#### Activity
Filter the material below so that only lines containing "metis" remain.

====

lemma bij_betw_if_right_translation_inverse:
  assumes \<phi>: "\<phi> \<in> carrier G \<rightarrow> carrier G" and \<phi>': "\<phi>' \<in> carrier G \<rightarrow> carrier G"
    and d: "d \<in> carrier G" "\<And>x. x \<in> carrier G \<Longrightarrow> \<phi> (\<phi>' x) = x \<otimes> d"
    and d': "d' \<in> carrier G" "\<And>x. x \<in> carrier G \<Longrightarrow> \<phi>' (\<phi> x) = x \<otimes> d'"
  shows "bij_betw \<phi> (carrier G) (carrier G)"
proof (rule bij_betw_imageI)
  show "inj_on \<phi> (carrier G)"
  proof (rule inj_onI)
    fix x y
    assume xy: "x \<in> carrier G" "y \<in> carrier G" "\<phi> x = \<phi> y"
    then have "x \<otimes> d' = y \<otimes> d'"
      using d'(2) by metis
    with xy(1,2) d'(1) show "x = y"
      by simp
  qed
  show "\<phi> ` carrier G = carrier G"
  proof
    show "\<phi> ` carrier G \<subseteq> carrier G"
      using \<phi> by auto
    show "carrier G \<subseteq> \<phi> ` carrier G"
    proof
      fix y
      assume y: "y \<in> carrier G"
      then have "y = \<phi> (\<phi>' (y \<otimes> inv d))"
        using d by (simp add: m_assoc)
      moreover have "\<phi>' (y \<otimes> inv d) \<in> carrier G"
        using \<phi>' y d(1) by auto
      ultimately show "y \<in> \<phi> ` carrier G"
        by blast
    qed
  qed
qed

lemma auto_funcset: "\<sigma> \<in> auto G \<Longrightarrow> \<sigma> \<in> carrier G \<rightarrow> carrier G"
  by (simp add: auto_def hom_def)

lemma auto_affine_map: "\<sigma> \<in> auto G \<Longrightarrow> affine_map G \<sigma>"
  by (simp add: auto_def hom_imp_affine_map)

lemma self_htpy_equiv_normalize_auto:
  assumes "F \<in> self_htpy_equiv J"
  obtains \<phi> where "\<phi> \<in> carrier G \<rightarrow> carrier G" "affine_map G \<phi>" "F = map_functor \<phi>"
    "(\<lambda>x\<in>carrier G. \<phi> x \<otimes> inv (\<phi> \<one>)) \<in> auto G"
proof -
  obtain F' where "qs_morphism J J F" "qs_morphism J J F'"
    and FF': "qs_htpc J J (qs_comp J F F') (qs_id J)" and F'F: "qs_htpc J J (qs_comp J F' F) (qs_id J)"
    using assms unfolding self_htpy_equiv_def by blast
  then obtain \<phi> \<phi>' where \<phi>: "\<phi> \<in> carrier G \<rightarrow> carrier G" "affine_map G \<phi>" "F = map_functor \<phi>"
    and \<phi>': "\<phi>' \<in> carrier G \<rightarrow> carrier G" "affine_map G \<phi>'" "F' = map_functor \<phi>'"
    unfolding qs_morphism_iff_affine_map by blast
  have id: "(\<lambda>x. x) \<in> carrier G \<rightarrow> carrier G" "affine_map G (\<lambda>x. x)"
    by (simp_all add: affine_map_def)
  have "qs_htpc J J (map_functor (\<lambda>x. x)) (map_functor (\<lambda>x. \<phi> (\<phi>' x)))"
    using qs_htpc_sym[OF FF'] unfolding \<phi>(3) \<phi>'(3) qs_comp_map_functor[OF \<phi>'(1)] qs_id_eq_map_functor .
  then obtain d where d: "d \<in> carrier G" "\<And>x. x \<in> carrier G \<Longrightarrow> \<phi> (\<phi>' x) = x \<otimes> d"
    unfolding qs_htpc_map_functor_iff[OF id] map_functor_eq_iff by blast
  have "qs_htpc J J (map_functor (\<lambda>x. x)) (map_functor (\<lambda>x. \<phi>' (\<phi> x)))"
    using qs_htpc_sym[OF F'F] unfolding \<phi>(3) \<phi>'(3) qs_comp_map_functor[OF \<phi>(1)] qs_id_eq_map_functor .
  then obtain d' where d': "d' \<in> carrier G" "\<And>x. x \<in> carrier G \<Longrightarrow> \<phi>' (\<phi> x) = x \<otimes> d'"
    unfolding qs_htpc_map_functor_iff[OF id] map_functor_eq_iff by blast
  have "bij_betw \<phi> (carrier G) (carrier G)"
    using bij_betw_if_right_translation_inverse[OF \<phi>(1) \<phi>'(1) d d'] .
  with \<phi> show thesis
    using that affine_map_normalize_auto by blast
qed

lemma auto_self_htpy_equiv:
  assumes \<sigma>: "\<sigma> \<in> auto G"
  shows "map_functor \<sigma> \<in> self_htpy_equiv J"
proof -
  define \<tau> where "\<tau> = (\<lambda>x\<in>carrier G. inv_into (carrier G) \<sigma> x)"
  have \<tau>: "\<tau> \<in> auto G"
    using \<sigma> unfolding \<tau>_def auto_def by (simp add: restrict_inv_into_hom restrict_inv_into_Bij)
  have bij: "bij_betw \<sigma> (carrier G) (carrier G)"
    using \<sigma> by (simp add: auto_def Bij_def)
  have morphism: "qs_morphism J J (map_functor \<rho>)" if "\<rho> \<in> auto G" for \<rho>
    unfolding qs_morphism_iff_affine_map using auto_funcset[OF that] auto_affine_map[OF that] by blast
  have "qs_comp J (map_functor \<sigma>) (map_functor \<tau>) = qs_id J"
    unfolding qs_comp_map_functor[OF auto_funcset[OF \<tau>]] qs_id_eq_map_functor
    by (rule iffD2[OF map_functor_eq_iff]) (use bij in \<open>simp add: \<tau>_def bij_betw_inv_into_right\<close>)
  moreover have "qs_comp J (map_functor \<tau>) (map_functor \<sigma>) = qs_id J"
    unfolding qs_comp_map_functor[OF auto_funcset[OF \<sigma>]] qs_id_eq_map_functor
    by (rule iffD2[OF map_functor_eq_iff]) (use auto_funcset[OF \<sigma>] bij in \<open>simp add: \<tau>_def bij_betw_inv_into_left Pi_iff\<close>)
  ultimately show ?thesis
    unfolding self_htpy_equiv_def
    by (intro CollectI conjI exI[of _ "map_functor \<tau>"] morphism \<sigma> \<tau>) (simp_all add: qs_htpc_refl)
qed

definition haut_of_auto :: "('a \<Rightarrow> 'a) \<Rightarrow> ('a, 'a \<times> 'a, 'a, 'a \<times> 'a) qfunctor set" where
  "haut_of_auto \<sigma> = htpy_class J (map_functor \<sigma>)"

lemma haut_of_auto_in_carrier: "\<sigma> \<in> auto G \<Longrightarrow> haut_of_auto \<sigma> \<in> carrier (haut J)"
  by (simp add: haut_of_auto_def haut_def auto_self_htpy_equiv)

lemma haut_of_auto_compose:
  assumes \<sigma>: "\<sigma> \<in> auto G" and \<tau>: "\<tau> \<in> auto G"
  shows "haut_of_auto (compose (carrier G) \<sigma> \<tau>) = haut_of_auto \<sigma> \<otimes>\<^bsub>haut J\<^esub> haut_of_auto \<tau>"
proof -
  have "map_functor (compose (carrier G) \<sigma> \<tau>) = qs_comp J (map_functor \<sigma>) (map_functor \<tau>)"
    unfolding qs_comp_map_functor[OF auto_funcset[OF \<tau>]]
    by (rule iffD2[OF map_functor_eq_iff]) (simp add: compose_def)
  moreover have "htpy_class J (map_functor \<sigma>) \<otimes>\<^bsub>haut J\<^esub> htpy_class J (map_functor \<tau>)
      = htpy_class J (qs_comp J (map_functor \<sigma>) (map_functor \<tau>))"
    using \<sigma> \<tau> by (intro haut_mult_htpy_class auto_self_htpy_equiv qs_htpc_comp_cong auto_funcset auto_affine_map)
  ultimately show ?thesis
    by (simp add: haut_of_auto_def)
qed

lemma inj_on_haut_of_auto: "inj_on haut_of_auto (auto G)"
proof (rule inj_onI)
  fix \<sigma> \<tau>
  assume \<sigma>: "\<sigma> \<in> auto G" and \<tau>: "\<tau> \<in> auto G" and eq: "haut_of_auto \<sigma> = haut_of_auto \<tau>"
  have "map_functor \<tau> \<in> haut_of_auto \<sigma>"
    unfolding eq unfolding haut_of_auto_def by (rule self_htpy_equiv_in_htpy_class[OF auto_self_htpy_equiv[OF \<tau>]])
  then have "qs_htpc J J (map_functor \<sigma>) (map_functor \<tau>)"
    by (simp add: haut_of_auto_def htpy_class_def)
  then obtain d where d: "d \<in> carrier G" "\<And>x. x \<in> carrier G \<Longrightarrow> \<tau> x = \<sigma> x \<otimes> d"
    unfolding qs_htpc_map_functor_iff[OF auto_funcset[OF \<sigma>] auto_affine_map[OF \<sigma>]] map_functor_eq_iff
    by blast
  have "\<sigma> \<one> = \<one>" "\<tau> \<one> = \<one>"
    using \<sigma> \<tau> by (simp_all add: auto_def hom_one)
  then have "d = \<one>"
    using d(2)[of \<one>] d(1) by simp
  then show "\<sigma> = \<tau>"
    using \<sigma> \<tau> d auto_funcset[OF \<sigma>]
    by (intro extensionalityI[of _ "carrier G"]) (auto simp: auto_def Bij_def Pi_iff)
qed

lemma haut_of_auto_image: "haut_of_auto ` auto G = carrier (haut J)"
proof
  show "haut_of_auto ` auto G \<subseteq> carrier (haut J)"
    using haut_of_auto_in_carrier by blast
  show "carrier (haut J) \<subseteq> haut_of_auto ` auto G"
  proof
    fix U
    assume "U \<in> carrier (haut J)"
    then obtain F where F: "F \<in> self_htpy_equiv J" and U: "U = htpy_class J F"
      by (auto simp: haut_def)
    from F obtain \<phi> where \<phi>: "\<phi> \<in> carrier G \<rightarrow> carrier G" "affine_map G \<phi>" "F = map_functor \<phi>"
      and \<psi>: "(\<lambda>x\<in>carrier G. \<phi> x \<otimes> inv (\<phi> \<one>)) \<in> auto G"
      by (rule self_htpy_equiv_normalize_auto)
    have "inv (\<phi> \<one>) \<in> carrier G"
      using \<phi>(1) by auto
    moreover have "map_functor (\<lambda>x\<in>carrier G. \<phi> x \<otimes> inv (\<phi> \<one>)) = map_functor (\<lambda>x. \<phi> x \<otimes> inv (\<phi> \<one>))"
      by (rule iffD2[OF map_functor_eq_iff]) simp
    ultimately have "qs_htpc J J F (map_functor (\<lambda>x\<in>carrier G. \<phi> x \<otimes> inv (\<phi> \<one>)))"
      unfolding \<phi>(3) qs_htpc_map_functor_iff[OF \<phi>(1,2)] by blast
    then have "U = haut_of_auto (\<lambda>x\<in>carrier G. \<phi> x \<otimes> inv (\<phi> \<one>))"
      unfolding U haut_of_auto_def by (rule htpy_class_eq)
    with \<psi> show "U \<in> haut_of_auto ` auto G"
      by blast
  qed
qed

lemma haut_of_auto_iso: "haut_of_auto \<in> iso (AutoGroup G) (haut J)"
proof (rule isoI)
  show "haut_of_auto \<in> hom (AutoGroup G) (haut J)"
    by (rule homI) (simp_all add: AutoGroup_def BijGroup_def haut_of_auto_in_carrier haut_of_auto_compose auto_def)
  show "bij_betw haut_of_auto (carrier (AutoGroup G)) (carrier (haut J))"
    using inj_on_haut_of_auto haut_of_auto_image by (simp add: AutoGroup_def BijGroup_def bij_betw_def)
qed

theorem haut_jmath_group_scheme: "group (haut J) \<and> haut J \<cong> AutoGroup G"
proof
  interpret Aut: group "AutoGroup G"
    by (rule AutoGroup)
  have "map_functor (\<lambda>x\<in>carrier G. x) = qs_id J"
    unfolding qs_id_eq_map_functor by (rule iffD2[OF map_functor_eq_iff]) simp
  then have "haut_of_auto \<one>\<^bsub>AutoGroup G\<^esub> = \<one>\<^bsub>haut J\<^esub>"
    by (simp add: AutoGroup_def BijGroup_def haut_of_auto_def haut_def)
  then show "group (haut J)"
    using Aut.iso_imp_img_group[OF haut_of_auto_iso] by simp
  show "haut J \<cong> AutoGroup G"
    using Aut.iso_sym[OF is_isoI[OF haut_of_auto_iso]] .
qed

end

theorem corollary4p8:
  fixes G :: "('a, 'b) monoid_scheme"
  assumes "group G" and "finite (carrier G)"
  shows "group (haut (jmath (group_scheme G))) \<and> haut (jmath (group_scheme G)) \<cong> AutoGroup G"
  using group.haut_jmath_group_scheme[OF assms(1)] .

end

====

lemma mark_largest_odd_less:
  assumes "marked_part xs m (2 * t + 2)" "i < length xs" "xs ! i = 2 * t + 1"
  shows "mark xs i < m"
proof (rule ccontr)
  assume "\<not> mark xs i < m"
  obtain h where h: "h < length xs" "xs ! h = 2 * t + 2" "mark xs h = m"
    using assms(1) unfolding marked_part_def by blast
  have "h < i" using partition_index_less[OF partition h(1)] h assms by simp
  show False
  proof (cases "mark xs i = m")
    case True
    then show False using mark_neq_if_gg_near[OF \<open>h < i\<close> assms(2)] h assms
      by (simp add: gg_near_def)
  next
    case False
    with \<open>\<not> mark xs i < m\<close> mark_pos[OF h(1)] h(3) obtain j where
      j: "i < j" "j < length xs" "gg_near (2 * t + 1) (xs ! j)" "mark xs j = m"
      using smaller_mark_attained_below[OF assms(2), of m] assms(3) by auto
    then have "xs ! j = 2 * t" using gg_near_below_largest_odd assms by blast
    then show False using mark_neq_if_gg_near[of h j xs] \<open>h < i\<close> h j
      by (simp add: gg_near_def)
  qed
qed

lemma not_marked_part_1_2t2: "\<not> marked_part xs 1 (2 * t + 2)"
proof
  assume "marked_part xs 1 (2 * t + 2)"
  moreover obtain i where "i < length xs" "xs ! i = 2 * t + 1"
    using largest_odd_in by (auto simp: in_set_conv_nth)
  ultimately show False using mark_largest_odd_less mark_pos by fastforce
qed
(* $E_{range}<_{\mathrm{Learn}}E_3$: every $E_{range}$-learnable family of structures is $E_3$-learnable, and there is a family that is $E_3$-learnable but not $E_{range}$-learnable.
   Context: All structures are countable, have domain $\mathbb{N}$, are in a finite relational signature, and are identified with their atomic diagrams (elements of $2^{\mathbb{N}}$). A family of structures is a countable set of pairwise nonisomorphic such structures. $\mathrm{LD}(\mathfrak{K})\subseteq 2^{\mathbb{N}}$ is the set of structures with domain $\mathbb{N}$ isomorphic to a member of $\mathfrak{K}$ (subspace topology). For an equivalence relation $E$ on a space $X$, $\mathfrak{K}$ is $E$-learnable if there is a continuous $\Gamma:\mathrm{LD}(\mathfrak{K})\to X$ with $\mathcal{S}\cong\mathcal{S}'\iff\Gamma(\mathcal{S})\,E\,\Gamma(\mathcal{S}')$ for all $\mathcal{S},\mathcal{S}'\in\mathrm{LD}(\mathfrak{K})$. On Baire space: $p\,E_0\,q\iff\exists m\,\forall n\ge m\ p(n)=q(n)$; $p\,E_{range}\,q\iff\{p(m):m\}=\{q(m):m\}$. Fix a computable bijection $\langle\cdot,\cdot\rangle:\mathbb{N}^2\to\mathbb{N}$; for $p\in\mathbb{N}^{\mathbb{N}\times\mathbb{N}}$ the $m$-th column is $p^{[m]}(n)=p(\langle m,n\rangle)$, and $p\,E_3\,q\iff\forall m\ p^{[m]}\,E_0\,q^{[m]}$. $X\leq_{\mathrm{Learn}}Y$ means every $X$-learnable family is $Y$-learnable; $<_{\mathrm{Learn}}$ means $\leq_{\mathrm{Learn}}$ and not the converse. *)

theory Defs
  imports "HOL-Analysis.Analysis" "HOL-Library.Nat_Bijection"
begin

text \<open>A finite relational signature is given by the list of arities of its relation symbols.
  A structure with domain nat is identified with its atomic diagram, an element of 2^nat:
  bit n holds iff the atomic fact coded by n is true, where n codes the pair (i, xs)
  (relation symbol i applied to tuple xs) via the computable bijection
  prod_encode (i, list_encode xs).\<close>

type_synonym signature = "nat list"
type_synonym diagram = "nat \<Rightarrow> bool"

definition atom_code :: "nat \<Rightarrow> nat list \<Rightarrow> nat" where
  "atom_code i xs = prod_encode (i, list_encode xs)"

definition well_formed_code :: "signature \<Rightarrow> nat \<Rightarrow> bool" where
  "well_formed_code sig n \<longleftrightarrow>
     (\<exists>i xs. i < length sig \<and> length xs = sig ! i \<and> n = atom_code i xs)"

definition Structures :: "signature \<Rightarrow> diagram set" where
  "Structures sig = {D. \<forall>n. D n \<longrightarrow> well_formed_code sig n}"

====

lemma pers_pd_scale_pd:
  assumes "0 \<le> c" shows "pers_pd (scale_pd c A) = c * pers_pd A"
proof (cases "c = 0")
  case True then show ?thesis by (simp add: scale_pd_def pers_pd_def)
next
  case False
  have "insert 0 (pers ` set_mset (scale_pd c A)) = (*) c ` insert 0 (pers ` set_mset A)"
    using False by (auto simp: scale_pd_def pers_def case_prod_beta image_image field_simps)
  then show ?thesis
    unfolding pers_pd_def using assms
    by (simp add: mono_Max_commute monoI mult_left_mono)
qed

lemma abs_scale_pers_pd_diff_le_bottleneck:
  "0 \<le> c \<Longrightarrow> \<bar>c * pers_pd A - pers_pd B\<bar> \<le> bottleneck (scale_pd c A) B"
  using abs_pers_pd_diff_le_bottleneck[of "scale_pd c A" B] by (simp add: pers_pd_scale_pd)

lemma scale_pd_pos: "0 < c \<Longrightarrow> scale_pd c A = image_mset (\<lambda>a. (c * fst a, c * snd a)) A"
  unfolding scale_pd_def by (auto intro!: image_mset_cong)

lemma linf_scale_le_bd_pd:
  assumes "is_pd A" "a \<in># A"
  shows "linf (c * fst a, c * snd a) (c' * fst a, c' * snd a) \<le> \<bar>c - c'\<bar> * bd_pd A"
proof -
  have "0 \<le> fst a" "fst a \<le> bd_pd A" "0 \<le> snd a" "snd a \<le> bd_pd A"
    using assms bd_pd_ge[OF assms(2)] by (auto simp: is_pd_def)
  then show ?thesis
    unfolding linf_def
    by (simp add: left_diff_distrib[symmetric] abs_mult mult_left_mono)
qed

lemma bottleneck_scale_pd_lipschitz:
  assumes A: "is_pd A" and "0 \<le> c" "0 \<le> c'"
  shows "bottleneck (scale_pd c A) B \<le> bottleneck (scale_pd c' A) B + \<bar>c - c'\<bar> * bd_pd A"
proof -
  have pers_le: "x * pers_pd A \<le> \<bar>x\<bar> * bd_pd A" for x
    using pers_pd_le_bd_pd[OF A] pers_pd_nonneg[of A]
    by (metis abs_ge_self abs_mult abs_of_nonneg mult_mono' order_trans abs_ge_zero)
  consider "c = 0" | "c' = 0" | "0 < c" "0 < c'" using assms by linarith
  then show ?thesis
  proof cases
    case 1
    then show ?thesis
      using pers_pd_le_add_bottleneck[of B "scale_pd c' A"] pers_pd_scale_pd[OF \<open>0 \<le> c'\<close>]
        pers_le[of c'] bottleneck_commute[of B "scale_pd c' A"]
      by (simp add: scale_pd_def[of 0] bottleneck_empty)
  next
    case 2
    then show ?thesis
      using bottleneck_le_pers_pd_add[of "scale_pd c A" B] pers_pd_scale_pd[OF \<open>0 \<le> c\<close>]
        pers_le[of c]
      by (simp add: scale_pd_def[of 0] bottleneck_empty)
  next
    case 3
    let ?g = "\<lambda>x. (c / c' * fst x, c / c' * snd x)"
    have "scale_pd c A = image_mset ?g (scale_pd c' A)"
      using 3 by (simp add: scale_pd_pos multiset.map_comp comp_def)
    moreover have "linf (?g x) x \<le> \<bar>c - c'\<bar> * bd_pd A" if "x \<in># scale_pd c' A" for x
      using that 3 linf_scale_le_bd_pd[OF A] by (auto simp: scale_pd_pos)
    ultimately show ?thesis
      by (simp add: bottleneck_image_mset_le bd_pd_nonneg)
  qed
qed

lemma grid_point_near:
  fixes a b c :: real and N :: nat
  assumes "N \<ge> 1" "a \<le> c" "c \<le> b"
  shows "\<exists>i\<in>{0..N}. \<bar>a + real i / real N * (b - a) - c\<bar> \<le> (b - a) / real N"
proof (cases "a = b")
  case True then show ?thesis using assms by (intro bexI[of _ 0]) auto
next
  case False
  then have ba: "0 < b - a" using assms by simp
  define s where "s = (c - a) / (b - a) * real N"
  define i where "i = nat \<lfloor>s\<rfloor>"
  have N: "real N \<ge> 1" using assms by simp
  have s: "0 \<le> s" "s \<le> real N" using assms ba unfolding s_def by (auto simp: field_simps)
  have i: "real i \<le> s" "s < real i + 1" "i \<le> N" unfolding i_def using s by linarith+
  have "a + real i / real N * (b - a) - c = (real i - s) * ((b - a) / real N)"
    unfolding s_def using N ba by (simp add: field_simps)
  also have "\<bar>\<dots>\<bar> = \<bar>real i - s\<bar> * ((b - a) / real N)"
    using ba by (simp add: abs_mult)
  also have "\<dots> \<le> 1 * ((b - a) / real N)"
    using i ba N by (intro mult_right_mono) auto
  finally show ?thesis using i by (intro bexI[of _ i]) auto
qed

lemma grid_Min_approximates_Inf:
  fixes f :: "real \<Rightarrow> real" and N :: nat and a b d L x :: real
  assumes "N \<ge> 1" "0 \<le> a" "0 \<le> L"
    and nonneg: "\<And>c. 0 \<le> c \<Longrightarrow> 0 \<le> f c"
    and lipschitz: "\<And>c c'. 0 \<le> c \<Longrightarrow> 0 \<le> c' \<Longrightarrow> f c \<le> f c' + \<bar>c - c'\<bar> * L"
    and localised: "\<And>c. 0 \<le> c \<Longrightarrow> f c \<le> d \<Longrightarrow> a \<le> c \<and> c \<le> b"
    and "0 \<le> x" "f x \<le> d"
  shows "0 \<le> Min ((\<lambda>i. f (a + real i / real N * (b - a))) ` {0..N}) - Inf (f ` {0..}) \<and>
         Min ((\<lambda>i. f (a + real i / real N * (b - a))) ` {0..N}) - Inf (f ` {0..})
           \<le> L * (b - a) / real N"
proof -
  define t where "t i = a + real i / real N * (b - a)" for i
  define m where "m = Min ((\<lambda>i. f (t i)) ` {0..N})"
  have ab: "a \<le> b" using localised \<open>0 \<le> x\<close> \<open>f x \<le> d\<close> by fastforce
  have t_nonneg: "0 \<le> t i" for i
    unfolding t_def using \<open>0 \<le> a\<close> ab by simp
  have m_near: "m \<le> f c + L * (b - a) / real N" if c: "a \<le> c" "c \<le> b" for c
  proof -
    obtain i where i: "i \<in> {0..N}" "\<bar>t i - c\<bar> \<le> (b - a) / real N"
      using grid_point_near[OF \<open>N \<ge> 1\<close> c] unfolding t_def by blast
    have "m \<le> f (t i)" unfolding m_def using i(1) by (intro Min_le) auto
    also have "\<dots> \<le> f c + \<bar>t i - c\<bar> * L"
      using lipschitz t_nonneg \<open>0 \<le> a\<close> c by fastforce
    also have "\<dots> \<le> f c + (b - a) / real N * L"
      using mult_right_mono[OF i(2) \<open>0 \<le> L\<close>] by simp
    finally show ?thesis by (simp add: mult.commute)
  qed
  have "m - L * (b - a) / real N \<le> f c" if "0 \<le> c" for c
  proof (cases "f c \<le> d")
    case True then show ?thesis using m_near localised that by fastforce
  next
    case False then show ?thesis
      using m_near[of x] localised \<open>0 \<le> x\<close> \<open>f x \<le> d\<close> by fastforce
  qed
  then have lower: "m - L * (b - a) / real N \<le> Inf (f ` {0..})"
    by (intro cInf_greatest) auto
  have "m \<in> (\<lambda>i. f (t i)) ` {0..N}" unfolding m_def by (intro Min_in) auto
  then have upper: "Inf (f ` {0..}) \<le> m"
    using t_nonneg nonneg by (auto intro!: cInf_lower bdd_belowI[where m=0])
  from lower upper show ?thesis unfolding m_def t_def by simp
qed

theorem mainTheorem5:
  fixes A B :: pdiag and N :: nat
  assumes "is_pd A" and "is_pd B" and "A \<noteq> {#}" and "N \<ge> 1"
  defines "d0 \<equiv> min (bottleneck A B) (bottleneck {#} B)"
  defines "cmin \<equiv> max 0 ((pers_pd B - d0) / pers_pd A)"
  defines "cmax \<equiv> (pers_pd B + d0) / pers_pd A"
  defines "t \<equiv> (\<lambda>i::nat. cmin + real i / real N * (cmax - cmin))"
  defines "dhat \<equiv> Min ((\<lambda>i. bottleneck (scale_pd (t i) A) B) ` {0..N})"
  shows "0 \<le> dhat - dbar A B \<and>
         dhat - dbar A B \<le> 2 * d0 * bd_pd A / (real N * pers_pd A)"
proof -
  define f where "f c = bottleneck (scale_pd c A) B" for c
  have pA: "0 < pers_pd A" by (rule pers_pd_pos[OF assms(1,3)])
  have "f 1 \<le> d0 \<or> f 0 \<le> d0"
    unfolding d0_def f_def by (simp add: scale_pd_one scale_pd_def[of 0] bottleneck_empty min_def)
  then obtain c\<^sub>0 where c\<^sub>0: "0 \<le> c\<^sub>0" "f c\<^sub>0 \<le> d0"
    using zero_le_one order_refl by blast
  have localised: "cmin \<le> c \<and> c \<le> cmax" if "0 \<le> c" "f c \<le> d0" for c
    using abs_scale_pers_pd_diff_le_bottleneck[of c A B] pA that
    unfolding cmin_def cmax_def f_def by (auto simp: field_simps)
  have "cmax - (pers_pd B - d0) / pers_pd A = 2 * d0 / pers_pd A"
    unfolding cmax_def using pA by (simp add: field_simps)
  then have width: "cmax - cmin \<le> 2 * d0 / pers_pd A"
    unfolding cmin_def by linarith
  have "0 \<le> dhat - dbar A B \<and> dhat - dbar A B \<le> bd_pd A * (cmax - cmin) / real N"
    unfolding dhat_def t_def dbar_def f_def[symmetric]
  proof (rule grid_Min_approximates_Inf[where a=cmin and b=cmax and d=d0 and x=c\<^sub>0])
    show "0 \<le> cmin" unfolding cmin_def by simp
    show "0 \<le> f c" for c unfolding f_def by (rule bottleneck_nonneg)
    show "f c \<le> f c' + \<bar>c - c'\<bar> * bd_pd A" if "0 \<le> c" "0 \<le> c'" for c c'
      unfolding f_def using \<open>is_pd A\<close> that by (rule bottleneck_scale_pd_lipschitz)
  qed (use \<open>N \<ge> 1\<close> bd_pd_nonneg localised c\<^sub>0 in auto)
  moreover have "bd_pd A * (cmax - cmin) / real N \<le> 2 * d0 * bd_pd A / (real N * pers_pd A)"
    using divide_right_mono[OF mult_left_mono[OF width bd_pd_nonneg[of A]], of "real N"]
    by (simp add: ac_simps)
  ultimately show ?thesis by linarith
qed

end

====

#### Exercise result
      using d'(2) by metis
    by (metis abs_ge_self abs_mult abs_of_nonneg mult_mono' order_trans abs_ge_zero)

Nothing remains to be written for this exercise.